Wheel moving without sliding

Question

Suppose we have a wheel moving on an horizontal surface, with constant velocity $v$, without sliding. This latter condition implies that the wheel rotates around its centre with angular speed $\omega = v / r$, $r$ being the radius. The rotation of the wheel is caused by the torque of the (static) friction force in the contact point between the wheel and the surface. Because static friction only exists when an opposing force is applied on the object, this means that in order to maintain a constant velocity, an external force must exist. My question is, what happens when this force is no longer applied? I imagine that the wheel will slow down until it stops, but from the equations of kinetic energy, I do not see how to deduce this behaviour. The potential energy is constant because we move horizontally, and the kinetic energy is: $E_k = E_{k_r} + E_{k_t} = \frac{1}{2}I\omega^2 + \frac{1}{2}mv^2$ which equals the total mechanical energy. If the external force stops, then both $v$ and $\omega$ decrease, but why? After all, the mechanical work of the friction force is zero, so why does the wheel slow down?

Thanks in advance!

Answer 1

The problem with your argument lies with this:

The rotation of the wheel is caused by the torque of the (static) friction force in the contact point between the wheel and the surface.

That isn't quite correct. When the wheel is spinning up, then yes, static friction is what accelerates it, but once it is rotating, no torque is required to keep the rotation going. So once the wheel is moving at some constant velocity, there is no static friction, and in fact no external force at all, thus there are no changes in energy.

In reality, every wheel has some amount of dissipative force acting on it, usually due to deformation. The collective effect of the dissipative forces acting on a rolling wheel is sometimes called "rolling friction," and it acts on the wheel in much the same way as normal friction: it removes energy. Given the constraint that $v = \omega r$, the energy of a wheel is equal to

$$E = \frac{1}{2}(I + mr^2)\omega^2 = \frac{1}{2}\biggl(\frac{I}{r^2} + m\biggr)v^2$$

so when energy is removed, both the angular and linear speeds will decrease. This is what causes the wheel to slow down and eventually stop. Note that in this case, there will be some nonzero amount of static friction as required to prevent slipping.

Answer 2

The rotation of the wheel is caused by the torque of the (static) friction force in the contact point

That's just not true. Newtons's laws of motion dictate that a body in motion continues to stay in motion in the absence of forces acting on it. Take away both the ground and gravity in your mental picture of the wheel rolling. It continues to both move forward and spin, as angular momentum is conserved by the same law that conserves momentum.

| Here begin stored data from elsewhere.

lemma horoball_subset_open_horocone:
  assumes "x \<in> P" "\<alpha> < 1 / c" "(B x f)^2 \<le> \<alpha> * B x x"
  shows "x \<in> open_horocone c"
proof -
  have "c * (B x f)^2 \<le> (c * \<alpha>) * B x x"
    using assms(3) c_pos by (simp add: mult_left_mono)
  also have "\<dots> < B x x"
    using assms(2) c_pos square_pos_of_posCone[OF assms(1)] by (simp add: field_simps)
  finally show ?thesis
    unfolding open_horocone_def by simp
qed

definition wall_complement where
  "wall_complement = P - (\<Union>v\<in>V. perp Q P v)"

lemma is_chamber_iff:
  "is_chamber Q P V D \<longleftrightarrow>
     (\<exists>x\<in>wall_complement. D = P \<inter> closure (connected_component_set wall_complement x))"
  unfolding is_chamber_def wall_complement_def Let_def ..

text \<open>Walls through \<open>b\<close> contain the whole geodesic, the others miss the horocone.\<close>
lemma closed_segment_shift_subset_wall_complement:
  assumes x: "x \<in> wall_complement" "x \<in> open_horocone c" and a: "a > 0"
    and y: "a *\<^sub>R x + s *\<^sub>R f \<in> open_horocone c"
  shows "closed_segment x (a *\<^sub>R x + s *\<^sub>R f) \<subseteq> wall_complement"
proof
  fix z
  assume "z \<in> closed_segment x (a *\<^sub>R x + s *\<^sub>R f)"
  then obtain m \<sigma> where m: "m > 0" and zm: "z = m *\<^sub>R x + \<sigma> *\<^sub>R f" and z: "z \<in> open_horocone c"
    using closed_segment_shift_in_open_horocone[OF a x(2) y] by metis
  have xP: "x \<in> P" and xv: "\<And>v. v \<in> V \<Longrightarrow> B x v \<noteq> 0"
    using x(1) unfolding wall_complement_def perp_def by auto
  have "z \<in> P"
    unfolding zm using shift_in_posCone[OF xP m] square_pos_of_open_horocone[OF _ z] c_pos zm
    by simp
  moreover have "B z v \<noteq> 0" if v: "v \<in> V" for v
  proof
    assume zv: "B z v = 0"
    then have "B v f = 0"
      using open_horocone_avoids_walls[OF z v] by simp
    then have "B z v = m * B x v"
      unfolding zm by (simp add: bil_linear B_commute[of f v])
    with zv m xv[OF v] show False
      by simp
  qed
  ultimately show "z \<in> wall_complement"
    unfolding wall_complement_def perp_def by auto
qed

lemma component_shift_closed:
  assumes x: "x \<in> connected_component_set wall_complement x1" "x \<in> open_horocone c"
    and a: "a > 0" and y: "a *\<^sub>R x + s *\<^sub>R f \<in> open_horocone c"
  shows "a *\<^sub>R x + s *\<^sub>R f \<in> connected_component_set wall_complement x1"
proof -
  have xW: "x \<in> wall_complement"
    using x(1) connected_component_subset by blast
  have "closed_segment x (a *\<^sub>R x + s *\<^sub>R f) \<subseteq> connected_component_set wall_complement x"
    by (intro connected_component_maximal closed_segment_shift_subset_wall_complement xW x a y)
      auto
  also have "\<dots> = connected_component_set wall_complement x1"
    using x(1) by (metis connected_component_eq)
  finally show ?thesis
    by auto
qed

lemma chamber_shift_closed:
  assumes D: "is_chamber Q P V D" and x: "x \<in> D" "x \<in> open_horocone c" and a: "a > 0"
    and y: "a *\<^sub>R x + s *\<^sub>R f \<in> open_horocone c"
  shows "a *\<^sub>R x + s *\<^sub>R f \<in> D"
proof -
  obtain x1 where D_eq: "D = P \<inter> closure (connected_component_set wall_complement x1)"
    using D unfolding is_chamber_iff by blast
  define C where "C = connected_component_set wall_complement x1"
  define \<phi> where "\<phi> x' = a *\<^sub>R x' + s *\<^sub>R f" for x'
  define U where "U = open_horocone c \<inter> \<phi> -` open_horocone c"
  have cont: "continuous_on A \<phi>" "isCont \<phi> x'" for A x'
    unfolding \<phi>_def by (intro continuous_intros)+
  have "open U"
    unfolding U_def by (intro open_Int open_open_horocone continuous_open_vimage cont)
  moreover have "x \<in> U \<inter> closure C"
    using x y D_eq unfolding U_def C_def \<phi>_def by auto
  ultimately have "x \<in> closure (U \<inter> C)"
    using open_Int_closure_subset by blast
  moreover have "\<phi> ` (U \<inter> C) \<subseteq> C"
    using component_shift_closed[OF _ _ a] unfolding U_def C_def \<phi>_def by auto
  then have "\<phi> ` closure (U \<inter> C) \<subseteq> closure C"
    using closure_subset by (intro image_closure_subset[OF cont(1) closed_closure]) blast
  moreover have "\<phi> x \<in> P"
    using shift_in_posCone[of x a s] square_pos_of_open_horocone[OF _ y] x a c_pos D_eq
    unfolding \<phi>_def by auto
  ultimately show ?thesis
    unfolding D_eq C_def[symmetric] \<phi>_def by auto
qed

lemma wall_meets_horoball_iff:
  assumes \<alpha>: "\<alpha> > 0" "\<alpha> < 1 / c" and v: "v \<in> V"
  shows "projL ` perp Q P v \<inter> horoball Q P f \<alpha> \<noteq> {} \<longleftrightarrow> B v f = 0"
proof
  assume "projL ` perp Q P v \<inter> horoball Q P f \<alpha> \<noteq> {}"
  then obtain x where x: "x \<in> P" "B x v = 0" "projL x \<in> horoball Q P f \<alpha>"
    unfolding perp_def by auto
  then have "(B x f)^2 \<le> \<alpha> * B x x"
    using horoball_projL_iff[OF x(1)] by simp
  then have "x \<in> open_horocone c"
    using horoball_subset_open_horocone[OF x(1) \<alpha>(2)] by simp
  then show "B v f = 0"
    using open_horocone_avoids_walls[OF _ v x(2)] by simp
next
  assume vf: "B v f = 0"
  obtain g where g: "g \<in> P" "B g v = 0"
    using posCone_orthogonal_exists v walls_dual unfolding negL_def by blast
  define k where "k = B g f"
  have k: "k > 0"
    unfolding k_def using posCone_bil_isotropic_pos[OF g(1)] .
  define x where "x = 1 *\<^sub>R g + (k / (2 * \<alpha>)) *\<^sub>R f"
  have xx: "B x x = B g g + k^2 / \<alpha>"
    unfolding x_def bil_shift_square k_def[symmetric] using \<alpha>(1) by (simp add: power2_eq_square)
  have "B x x > 0"
    unfolding xx using square_pos_of_posCone[OF g(1)] k \<alpha>(1) by (simp add: add_pos_nonneg)
  then have "x \<in> P"
    using shift_in_posCone[OF g(1) zero_less_one] unfolding x_def by blast
  moreover have "B x f = k"
    unfolding x_def bil_shift_isotropic k_def by simp
  then have "(B x f)^2 \<le> \<alpha> * B x x"
    unfolding xx using \<alpha>(1) square_pos_of_posCone[OF g(1)] by (simp add: field_simps)
  moreover have "B x v = 0"
    unfolding x_def by (simp add: bil_linear g(2) B_commute[of f v] vf)
  ultimately show "projL ` perp Q P v \<inter> horoball Q P f \<alpha> \<noteq> {}"
    using horoball_projL_iff unfolding perp_def by blast
qed

lemma chamber_meets_horoball_imp_closure:
  assumes \<alpha>: "\<alpha> < 1 / c" and D: "is_chamber Q P V D"
    and meets: "projL ` D \<inter> horoball Q P f \<alpha> \<noteq> {}"
  shows "f \<in> closure D"
proof -
  obtain d where d: "d \<in> D" "projL d \<in> horoball Q P f \<alpha>"
    using meets by auto
  have dP: "d \<in> P"
    using D d(1) unfolding is_chamber_iff by blast
  have dH: "d \<in> open_horocone c"
    using horoball_subset_open_horocone[OF dP \<alpha>] horoball_projL_iff[OF dP] d(2) by simp
  have on_ray: "e *\<^sub>R d + 1 *\<^sub>R f \<in> D" if e: "e > 0" for e
  proof (rule chamber_shift_closed[OF D d(1) dH e])
    have "c * e * (B d f)^2 < e * B d d"
      using dH e unfolding open_horocone_def by simp
    also have "\<dots> < e * B d d + 2 * 1 * B d f"
      using posCone_bil_isotropic_pos[OF dP] by simp
    finally show "e *\<^sub>R d + 1 *\<^sub>R f \<in> open_horocone c"
      using shift_in_open_horocone_iff[OF e] by blast
  qed
  define x where "x n = inverse (real (Suc n)) *\<^sub>R d + 1 *\<^sub>R f" for n
  have "\<forall>n. x n \<in> D"
    unfolding x_def using on_ray by simp
  moreover have "x \<longlonglongrightarrow> 0 *\<^sub>R d + 1 *\<^sub>R f"
    unfolding x_def by (intro tendsto_intros LIMSEQ_inverse_real_of_nat)
  then have "x \<longlonglongrightarrow> f"
    by simp
  ultimately show ?thesis
    unfolding closure_sequential by blast
qed

lemma chamber_projL_shift_iff:
  assumes D: "is_chamber Q P V D"
    and y: "y \<in> open_horocone c" and z: "y + s *\<^sub>R f \<in> open_horocone c"
  shows "projL y \<in> projL ` D \<longleftrightarrow> projL (y + s *\<^sub>R f) \<in> projL ` D"
proof -
  have "t *\<^sub>R (y + s *\<^sub>R f) \<in> D \<longleftrightarrow> t *\<^sub>R y \<in> D" if t: "t > 0" for t
  proof -
    have yH: "t *\<^sub>R y \<in> open_horocone c" and zH: "t *\<^sub>R (y + s *\<^sub>R f) \<in> open_horocone c"
      using open_horocone_scaleR_iff[of t] t y z by simp_all
    have zy: "t *\<^sub>R (y + s *\<^sub>R f) = 1 *\<^sub>R (t *\<^sub>R y) + (t * s) *\<^sub>R f"
      and yz: "t *\<^sub>R y = 1 *\<^sub>R (t *\<^sub>R (y + s *\<^sub>R f)) + (- t * s) *\<^sub>R f"
      by (simp_all add: algebra_simps)
    show ?thesis
    proof
      assume "t *\<^sub>R (y + s *\<^sub>R f) \<in> D"
      from chamber_shift_closed[OF D this zH zero_less_one] yH show "t *\<^sub>R y \<in> D"
        unfolding yz by blast
    next
      assume "t *\<^sub>R y \<in> D"
      from chamber_shift_closed[OF D this yH zero_less_one] zH show "t *\<^sub>R (y + s *\<^sub>R f) \<in> D"
        unfolding zy by blast
    qed
  qed
  then show ?thesis
    unfolding projL_mem_image_iff by blast
qed

lemma chamber_horoball_eq_rho_preimage:
  assumes \<alpha>: "\<alpha> > 0" "\<alpha> < 1 / c" and D: "is_chamber Q P V D"
  shows "projL ` D \<inter> horoball Q P f \<alpha> =
           {p \<in> horoball Q P f \<alpha>. rho_b Q P f \<alpha> p \<in> projL ` D \<inter> horosphere Q P f \<alpha>}"
proof -
  have "p \<in> projL ` D \<longleftrightarrow> rho_b Q P f \<alpha> p \<in> projL ` D \<inter> horosphere Q P f \<alpha>"
    if p: "p \<in> horoball Q P f \<alpha>" for p
  proof -
    obtain y where y: "y \<in> P" "p = projL y" "(B y f)^2 \<le> \<alpha> * B y y"
      using horoball_elim[OF p] .
    define z where "z = y + horosphere_shift \<alpha> y *\<^sub>R f"
    note z = shift_to_horosphere[OF y(1) \<alpha>(1), folded z_def]
    have "y \<in> open_horocone c" "z \<in> open_horocone c"
      using horoball_subset_open_horocone[OF y(1) \<alpha>(2) y(3)]
        horoball_subset_open_horocone[OF z(1) \<alpha>(2)] z(2) by simp_all
    moreover have "projL z \<in> horosphere Q P f \<alpha>"
      using z horosphere_projL_iff by simp
    ultimately show ?thesis
      unfolding y(2) rho_b_projL[OF y(1) \<alpha>(1), folded z_def]
      using chamber_projL_shift_iff[OF D] unfolding z_def by simp
  qed
  then show ?thesis
    by blast
qed

end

There may be some confusions as to where the friction of a rolling wheel comes from. There is certainly friction with the ground but it's hard to pin it down as static of kinetic. In the case of a car, for instance, the deformation of the elastic tire dissipates energy and creates friction. I would hesitate to classify that as either static or kinetic friction as typically defined in physics classes.

I'll offer a specific case. Consider a wheel rolling with some fiction with the ground that is balanced by a force that acts at the center of the wheel in the direction of motion. Friction decreases both the linear momentum and rotational momentum. It has to, the observation of a wheel rolling to a stop wouldn't make any sense otherwise. The exact direction of the force is something I had to struggle with myself a little bit. The normal force is generally below the axle of the wheel, but when being slowed down by friction the force from the ground acts slightly in front of the axle. This causes a small amount of torque opposite the direction of the spinning, which is expected since it must be slowing down the spinning.

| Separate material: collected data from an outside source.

(* Assume (A1) and (A2). Let $R\ge1$ and $f_*\in\mathcal H_K$ with $\|f_*\|_K\le R$. Then for every $\delta\in(0,1)$, with probability at least $1-\frac\delta2$, $$\mathcal F_{\mathbf z}(f_* )\le\big(C'_1+2\sqrt{c_\tau}\big)\log\frac2\delta\cdot\max\Big\{\frac{R^{q+1}}{m},\ \Big(\frac{R^{2+q-\tau}}{m}\Big)^{\frac{1}{2-\tau}},\ \mathcal A(f_* )\Big\},$$ where $C'_1>0$ is a constant depending only on $q,c_q,\kappa,\|f_\rho^V\|_\infty$ (independent of $m,\delta,R,f_*$).
   Context: Setting. $X$ is a separable metric space, $Y\subseteq\mathbb{R}$, $Z=X\times Y$, and $\rho$ is a Borel probability measure on $Z$. A loss $V:\mathbb{R}\times\mathbb{R}\to[0,\infty)$ is measurable and convex in its second argument; $V'_-(y,a)$ denotes the left derivative of $a\mapsto V(y,a)$. The expected risk is $\mathcal{E}(f)=\int_Z V(y,f(x))\,d\rho(x,y)$, and it is assumed that there is a measurable $f_\rho^V:X\to\mathbb{R}$ minimizing $\mathcal{E}$ over all measurable functions. A sample $\mathbf{z}=\{(x_i,y_i)\}_{i=1}^m$ is drawn i.i.d. from $\rho$, and $\mathcal{E}_{\mathbf z}(f)=\frac1m\sum_{i=1}^m V(y_i,f(x_i))$ is the empirical risk. $K:X\times X\to\mathbb{R}$ is a reproducing kernel with reproducing kernel Hilbert space $(\mathcal{H}_K,\|\cdot\|_K)$, and $B_R=\{f\in\mathcal{H}_K:\|f\|_K\le R\}$. Probabilities are over the draw of $\mathbf z\sim\rho^m$. Error quantities: $\mathcal A(f)=\mathcal{E}(f)-\mathcal{E}(f_\rho^V)$; $\mathcal F_{\mathbf z}(f)=\max\{(\mathcal{E}_{\mathbf z}(f)-\mathcal{E}_{\mathbf z}(f_\rho^V))-(\mathcal{E}(f)-\mathcal{E}(f_\rho^V)),0\}$. Assumption (A1): $\kappa:=\sup_{x\in X}\sqrt{K(x,x)}<\infty$, $\|f_\rho^V\|_\infty<\infty$, $|V|_0:=\sup_{y\in Y}V(y,0)<\infty$, and there are $q\ge 0$, $c_q>0$ with $|V'_-(y,a)|\le c_q(1+|a|^q)$ for all $a\in\mathbb{R}$, $y\in Y$. Assumption (A2) (variance condition, with $q$ from (A1)): there are $\tau\in[0,1]$ and $c_\tau>0$ such that for every $R\ge1$ and every $f\in B_R$, $\int_Z\big(V(y,f(x))-V(y,f_\rho^V(x))\big)^2d\rho\le c_\tau R^{2+q-\tau}\big(\mathcal{E}(f)-\mathcal{E}(f_\rho^V)\big)^\tau$. *)

theory Defs
  imports "HOL-Probability.Probability"
begin

text \<open>Real power with the convention 0 powered 0 equals 1 (Isabelle's powr gives 0 there).\<close>
definition rpow :: "real \<Rightarrow> real \<Rightarrow> real" where
  "rpow x a = (if x = 0 then (if a = 0 then 1 else 0) else x powr a)"

definition left_deriv :: "(real \<Rightarrow> real) \<Rightarrow> real \<Rightarrow> real" where
  "left_deriv g a = Lim (at_right 0) (\<lambda>h. (g a - g (a - h)) / h)"

section \<open>Reproducing kernel Hilbert space (Aronszajn construction, as a space of functions)\<close>

definition kcomb :: "('a \<Rightarrow> 'a \<Rightarrow> real) \<Rightarrow> nat \<Rightarrow> (nat \<Rightarrow> real) \<Rightarrow> (nat \<Rightarrow> 'a) \<Rightarrow> 'a \<Rightarrow> real" where
  "kcomb K n c p = (\<lambda>x. \<Sum>i<n. c i * K (p i) x)"

definition kinner :: "('a \<Rightarrow> 'a \<Rightarrow> real) \<Rightarrow> nat \<Rightarrow> (nat \<Rightarrow> real) \<Rightarrow> (nat \<Rightarrow> 'a)
    \<Rightarrow> nat \<Rightarrow> (nat \<Rightarrow> real) \<Rightarrow> (nat \<Rightarrow> 'a) \<Rightarrow> real" where
  "kinner K n c p n' d q = (\<Sum>i<n. \<Sum>j<n'. c i * d j * K (p i) (q j))"

definition reproducing_kernel :: "('a \<Rightarrow> 'a \<Rightarrow> real) \<Rightarrow> bool" where
  "reproducing_kernel K \<longleftrightarrow> (\<forall>x y. K x y = K y x) \<and> (\<forall>n c p. kinner K n c p n c p \<ge> 0)"

definition rkhs_approx :: "('a \<Rightarrow> 'a \<Rightarrow> real) \<Rightarrow> ('a \<Rightarrow> real) \<Rightarrow> (nat \<Rightarrow> nat)
    \<Rightarrow> (nat \<Rightarrow> nat \<Rightarrow> real) \<Rightarrow> (nat \<Rightarrow> nat \<Rightarrow> 'a) \<Rightarrow> bool" where
  "rkhs_approx K f N c p \<longleftrightarrow>
     (\<forall>x. (\<lambda>n. kcomb K (N n) (c n) (p n) x) \<longlonglongrightarrow> f x) \<and>
     (\<forall>e>0. \<exists>M. \<forall>n\<ge>M. \<forall>k\<ge>M.
        kinner K (N n) (c n) (p n) (N n) (c n) (p n)
        - 2 * kinner K (N n) (c n) (p n) (N k) (c k) (p k)
        + kinner K (N k) (c k) (p k) (N k) (c k) (p k) < e)"

definition in_rkhs :: "('a \<Rightarrow> 'a \<Rightarrow> real) \<Rightarrow> ('a \<Rightarrow> real) \<Rightarrow> bool" where
  "in_rkhs K f \<longleftrightarrow> (\<exists>N c p. rkhs_approx K f N c p)"

text \<open>The RKHS norm: limit of the kernel norms of an approximating sequence
  (independent of the sequence; we take the infimum for definiteness).\<close>
definition rkhs_norm :: "('a \<Rightarrow> 'a \<Rightarrow> real) \<Rightarrow> ('a \<Rightarrow> real) \<Rightarrow> real" where
  "rkhs_norm K f = Inf {l. \<exists>N c p. rkhs_approx K f N c p \<and>
      (\<lambda>n. sqrt (kinner K (N n) (c n) (p n) (N n) (c n) (p n))) \<longlonglongrightarrow> l}"

definition expected_risk :: "('x \<times> real) measure \<Rightarrow> (real \<Rightarrow> real \<Rightarrow> real) \<Rightarrow> ('x \<Rightarrow> real) \<Rightarrow> real" where
  "expected_risk \<rho> V f = (\<integral>z. V (snd z) (f (fst z)) \<partial>\<rho>)"

definition empirical_risk :: "nat \<Rightarrow> (nat \<Rightarrow> 'x \<times> real) \<Rightarrow> (real \<Rightarrow> real \<Rightarrow> real) \<Rightarrow> ('x \<Rightarrow> real) \<Rightarrow> real" where
  "empirical_risk m z V f = (1 / real m) * (\<Sum>i<m. V (snd (z i)) (f (fst (z i))))"

definition approx_err :: "('x \<times> real) measure \<Rightarrow> (real \<Rightarrow> real \<Rightarrow> real) \<Rightarrow> ('x \<Rightarrow> real) \<Rightarrow> ('x \<Rightarrow> real) \<Rightarrow> real" where
  "approx_err \<rho> V f\<rho> f = expected_risk \<rho> V f - expected_risk \<rho> V f\<rho>"

definition sample_err :: "('x \<times> real) measure \<Rightarrow> (real \<Rightarrow> real \<Rightarrow> real) \<Rightarrow> ('x \<Rightarrow> real)
    \<Rightarrow> nat \<Rightarrow> (nat \<Rightarrow> 'x \<times> real) \<Rightarrow> ('x \<Rightarrow> real) \<Rightarrow> real" where
  "sample_err \<rho> V f\<rho> m z f =
     max ((empirical_risk m z V f - empirical_risk m z V f\<rho>) - (expected_risk \<rho> V f - expected_risk \<rho> V f\<rho>)) 0"

definition risk_minimizer :: "('x::topological_space \<times> real) measure \<Rightarrow> (real \<Rightarrow> real \<Rightarrow> real) \<Rightarrow> ('x \<Rightarrow> real) \<Rightarrow> bool" where
  "risk_minimizer \<rho> V f\<rho> \<longleftrightarrow> f\<rho> \<in> borel_measurable borel \<and>
     (\<forall>f \<in> borel_measurable borel.
        (\<integral>\<^sup>+z. ennreal (V (snd z) (f\<rho> (fst z))) \<partial>\<rho>) \<le> (\<integral>\<^sup>+z. ennreal (V (snd z) (f (fst z))) \<partial>\<rho>))"

end

theory Submission
  imports Defs
begin

text \<open>
  The sample error of \<open>f\<^sub>*\<close> is the positive part of the deviation of the sample mean of the
  excess loss \<open>g(x, y) = V(y, f\<^sub>*(x)) - V(y, f\<^sub>\<rho>(x))\<close> from its mean, the excess risk
  \<open>A(f\<^sub>*)\<close>. The reproducing property gives \<open>|f\<^sub>*(x)| \<le> \<kappa> R\<close>, and a convex loss whose left
  derivative grows polynomially is Lipschitz on bounded intervals, so \<open>|g| \<le> C R^(q+1)\<close>; the
  variance condition bounds \<open>E g^2\<close> by \<open>c\<^sub>\<tau> R^(2+q-\<tau>) A(f\<^sub>*)^\<tau>\<close>. A one-sided Bernstein
  inequality, proved by the Chernoff bound with \<open>exp u \<le> 1 + u + 2u^2/3\<close> for \<open>u \<le> 1/2\<close>, bounds
  the deviation with probability \<open>1 - \<delta>/2\<close> by
  \<open>sqrt (8 E g^2 log(2/\<delta>) / 3m) + 8 C R^(q+1) log(2/\<delta>) / m\<close>.
  Both terms are at most a multiple of the maximum \<open>W\<close> of the three quantities in the bound,
  the first one because \<open>R^(2+q-\<tau>) / m \<le> W^(2-\<tau>)\<close> and \<open>A(f\<^sub>*)^\<tau> \<le> W^\<tau>\<close>.
\<close>

section \<open>A one-sided Bernstein inequality\<close>

lemma exp_le_quadratic:
  fixes u :: real
  assumes "u \<le> 1/2"
  shows "exp u \<le> 1 + u + 2/3 * u\<^sup>2"
proof -
  obtain t where t: "\<bar>t\<bar> \<le> \<bar>u\<bar>" "exp u = (\<Sum>m<3. (u ^ m) / fact m) + (exp t / fact 3) * u ^ 3"
    using Maclaurin_exp_le[of u 3] by blast
  have e: "exp u = 1 + u + u\<^sup>2/2 + exp t / 6 * u ^ 3"
    using t(2) by (simp add: numeral_3_eq_3 power2_eq_square fact_numeral)
  show ?thesis
  proof (cases "u \<le> 0")
    case True
    then have "exp t / 6 * u ^ 3 \<le> 0"
      by (simp add: mult_nonneg_nonpos power_le_zero_eq)
    then show ?thesis using e zero_le_power2[of u] by linarith
  next
    case False
    have "exp t \<le> exp (1/2)" using t(1) assms False by simp
    also have "\<dots> \<le> 2" using real_exp_bound_lemma[of "1/2"] by simp
    finally have "exp t / 6 * u ^ 3 \<le> 2 / 6 * u ^ 3"
      using False by (intro mult_right_mono divide_right_mono) auto
    also have "\<dots> = u\<^sup>2 * (u / 3)" by (simp add: power2_eq_square power3_eq_cube)
    also have "\<dots> \<le> u\<^sup>2 * (1/6)" using assms by (intro mult_left_mono) auto
    finally show ?thesis using e by simp
  qed
qed

context prob_space
begin

lemma nn_integral_exp_le_exp_variance:
  assumes small: "AE x in M. l * h x \<le> 1/2"
    and int: "integrable M h" "integrable M (\<lambda>x. (h x)\<^sup>2)"
    and centred: "expectation h = 0" and var: "expectation (\<lambda>x. (h x)\<^sup>2) \<le> v"
  shows "(\<integral>\<^sup>+x. ennreal (exp (l * h x)) \<partial>M) \<le> ennreal (exp (2/3 * l\<^sup>2 * v))"
proof -
  have quadratic_nonneg: "0 \<le> 1 + u + 2/3 * u\<^sup>2" for u :: real
    using zero_le_power2[of "u + 3/4"] by (simp add: power2_eq_square algebra_simps)
  have int_quadratic: "integrable M (\<lambda>x. 1 + l * h x + 2/3 * (l * h x)\<^sup>2)"
    using int by (auto simp: power_mult_distrib)
  have "(\<integral>\<^sup>+x. ennreal (exp (l * h x)) \<partial>M) \<le> (\<integral>\<^sup>+x. ennreal (1 + l * h x + 2/3 * (l * h x)\<^sup>2) \<partial>M)"
    using small
  proof (intro nn_integral_mono_AE, eventually_elim)
    case (elim x)
    show ?case by (rule ennreal_leI, rule exp_le_quadratic) (use elim in simp)
  qed
  also have "\<dots> = ennreal (expectation (\<lambda>x. 1 + l * h x + 2/3 * (l * h x)\<^sup>2))"
    using int_quadratic quadratic_nonneg by (intro nn_integral_eq_integral) auto
  also have "expectation (\<lambda>x. 1 + l * h x + 2/3 * (l * h x)\<^sup>2)
      = 1 + l * expectation h + 2/3 * l\<^sup>2 * expectation (\<lambda>x. (h x)\<^sup>2)"
    using int by (simp add: power_mult_distrib prob_space)
  also have "\<dots> \<le> 1 + 2/3 * l\<^sup>2 * v" using centred var by (simp add: mult_left_mono)
  also have "\<dots> \<le> exp (2/3 * l\<^sup>2 * v)" by (rule exp_ge_add_one_self)
  finally show ?thesis by (simp add: ennreal_leI)
qed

Imagine a wheel with many spokes of springs around it. When pushed in they don't spring back to their original position right away - this is its means of dissipating energy. That means that the springs are longest right before they make contact with the ground, which places the normal force slightly in front of directly below the wheel axle. As they leave the ground they are not quite as long and do not exactly balance the front force. This is how wheel friction contributes to retarding both the forward motion and the forward spin.